Today, data is more valuable than Gold. Many companies have been building revolutionary machine learning and artificial intelligence products for decades now. Algorithms have been used for making our lives easier in countless ways, from identifying disease, to predicting the weather, to even recommending movies. AI is revolutionizing the world and data is the fuel that powers it. Recently, with the release of large language models like ChatGPT, Claude, and Gemini, the world has seen the power of AI and data science. Millions of people now have a seemingly endless amount of information at their fingertips. We wouldn't have any of it without data.

Everywhere we look, everywhere we go, everything we see is data. Data is becoming the lifeblood of the world. It is the becoming the foundation of everything we do, from the way we communicate to the way we work, heck even the way we drive. Data is everywhere, it's not going anywhere, and it is growing at an exponential rate.
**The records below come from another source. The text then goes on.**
definition c_drop :: "nat \<Rightarrow> real" where
  "c_drop k = c k - c (Suc k)"

lemma c_le_1: "c k \<le> 1"
  using has_sum_mono'[OF has_sum_finite[of "{k}" c] c_has_sum] c_nonneg by simp

lemma c_drop_nonneg: "0 \<le> c_drop k"
  using c_Suc_le[of k] by (simp add: c_drop_def)

lemma c_tendsto_0: "c \<longlonglongrightarrow> 0"
  using summable_LIMSEQ_zero[OF summable_on_imp_summable[OF has_sum_imp_summable[OF c_has_sum]]] .

lemma c_drop_has_sum: "(c_drop has_sum c 0) UNIV"
proof (rule sums_nonneg_imp_has_sum)
  show "c_drop sums c 0"
    using telescope_sums'[OF c_tendsto_0] unfolding c_drop_def by simp
qed (rule c_drop_nonneg)

lemma summable_weighted:
  assumes "\<And>k. \<bar>f k\<bar> \<le> B"
  shows "(\<lambda>k. c k * f k) summable_on UNIV" and "(\<lambda>k. c_drop k * f k) summable_on UNIV"
  using summable_on_weighted_bounded[OF c_has_sum] summable_on_weighted_bounded[OF c_drop_has_sum]
    c_nonneg c_drop_nonneg assms by auto

lemma avg_const: "avg (\<lambda>_. b) i = b"
  unfolding avg_def using infsumI[OF has_sum_cmult_left[OF c_has_sum, of b]] by simp

lemma avg_bounds:
  assumes "\<And>j. lo \<le> u j" and "\<And>j. u j \<le> hi"
  shows "lo \<le> avg u i" and "avg u i \<le> hi"
proof -
  have "\<bar>u j\<bar> \<le> \<bar>lo\<bar> + \<bar>hi\<bar>" for j
    using assms[of j] by auto
  then have sum_u: "(\<lambda>k. c k * u (i + int k)) summable_on UNIV"
    by (rule summable_weighted(1))
  have "(\<lambda>k. c k * b) summable_on UNIV" for b
    by (rule summable_weighted(1)[of _ "\<bar>b\<bar>"]) simp
  note sum_const = this[of lo] this[of hi]
  have "avg (\<lambda>_. lo) i \<le> avg u i"
    unfolding avg_def by (rule infsum_mono[OF sum_const(1) sum_u]) (simp add: c_nonneg assms mult_left_mono)
  then show "lo \<le> avg u i" by (simp add: avg_const)
  have "avg u i \<le> avg (\<lambda>_. hi) i"
    unfolding avg_def by (rule infsum_mono[OF sum_u sum_const(2)]) (simp add: c_nonneg assms mult_left_mono)
  then show "avg u i \<le> hi" by (simp add: avg_const)
qed

lemma forward_diff_avg:
  assumes "\<And>j. \<bar>u j\<bar> \<le> B"
  shows "forward_diff (avg u) i = avg (forward_diff u) i"
proof -
  have "((\<lambda>k. c k * u (i + 1 + int k) - c k * u (i + int k))
      has_sum avg u (i + 1) - avg u i) UNIV"
    unfolding avg_def using assms
    by (intro has_sum_diff has_sum_infsum summable_weighted(1)) auto
  then show ?thesis
    unfolding forward_diff_def avg_def by (intro infsumI[symmetric]) (simp add: algebra_simps)
qed

lemma infsum_summation_by_parts:
  assumes bdd: "\<And>k. \<bar>E k\<bar> \<le> B"
  shows "(\<Sum>\<^sub>\<infinity>k. c k * (E (Suc k) - E k)) = (\<Sum>\<^sub>\<infinity>k. c_drop k * E (Suc k)) - c 0 * E 0"
proof -
  have "\<bar>E (Suc k) - E k\<bar> \<le> 2 * B" for k
    using bdd[of k] bdd[of "Suc k"] by linarith
  then have lhs: "(\<lambda>k. c k * (E (Suc k) - E k)) sums (\<Sum>\<^sub>\<infinity>k. c k * (E (Suc k) - E k))"
    by (intro has_sum_imp_sums has_sum_infsum summable_weighted(1))
  have rhs: "(\<lambda>k. c_drop k * E (Suc k)) sums (\<Sum>\<^sub>\<infinity>k. c_drop k * E (Suc k))"
    using bdd by (intro has_sum_imp_sums has_sum_infsum summable_weighted(2))
  have partial: "(\<Sum>k<N. c k * (E (Suc k) - E k))
      = (\<Sum>k<N. c_drop k * E (Suc k)) + c N * E N - c 0 * E 0" for N
    by (induction N) (simp_all add: c_drop_def algebra_simps)
  have "(\<lambda>N. c N * E N) \<longlonglongrightarrow> 0"
  proof (rule Lim_null_comparison)
    show "\<forall>\<^sub>F N in sequentially. norm (c N * E N) \<le> c N * B"
      using bdd c_nonneg by (simp add: abs_mult mult_left_mono)
    show "(\<lambda>N. c N * B) \<longlonglongrightarrow> 0"
      using tendsto_mult_left_zero[OF c_tendsto_0] .
  qed
  with rhs have "(\<lambda>N. \<Sum>k<N. c k * (E (Suc k) - E k))
      \<longlonglongrightarrow> (\<Sum>\<^sub>\<infinity>k. c_drop k * E (Suc k)) + 0 - c 0 * E 0"
    unfolding partial sums_def by (intro tendsto_intros)
  with lhs show ?thesis
    unfolding sums_def by (simp add: LIMSEQ_unique)
qed

lemma avg_forward_diff_by_parts:
  assumes "\<And>j. \<bar>u j\<bar> \<le> B"
  shows "avg (forward_diff u) i = (\<Sum>\<^sub>\<infinity>k. c_drop k * u (i + int k + 1)) - c 0 * u i"
  using infsum_summation_by_parts[of "\<lambda>k. u (i + int k)" B] assms
  by (simp add: avg_def forward_diff_def ac_simps)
With the rise of big data, data science, and machine learning, the importance of data has never been more obvious. But what is data? To make it as simple as possible, data is information, and information can be anything from numbers to text to images. However, data is more than just information; it is also a type of information. Data types are crucial for understanding how to work with data, and they play a significant role in programming.

Introduction to Data Typing

In programming, data types are used to separate different types of data, such as integers, strings, and booleans. It is incredibly important to ensure you are properly typing your variables, as it can have a huge impact on the performance, memory management, and security of your program. Data typing is the process of assigning a type to a variable, which tells the computer how to interpret the data stored in that variable.

There are literally dozens of data types spread across dozens of programming languages, but the most common ones are integers, floats, strings, and booleans. An integer is a whole number, a float is a number with a decimal point, a string is a sequence of characters, and a boolean is a value that is either true or false. These data types are the building blocks of programming, and they are used to represent everything from numbers to text to logic.

For example:

# Integers (whole numbers)
age = 25
year = 2024
temperature = -5

# Floats (decimal numbers)
height = 5.11
pi = 3.14159
bank_balance = -123.45

# Strings (text)
name = "Chris"
message = 'I am the master of the universe!'
address = "123 Data Science St."

# Booleans (True/False)
is_student = True
has_license = False
is_raining = True

On the surface learning data types is pretty straight forward, if its a whole number use an integer, if its a decimal use a float, if its text use a string, and if its a true or false statement use a boolean. However, once you get a little bit deeper into programming, you'll realize that data types are much more complex than that. There are many different types of integers, floats, strings, and booleans, and each one has its own unique properties and behaviors.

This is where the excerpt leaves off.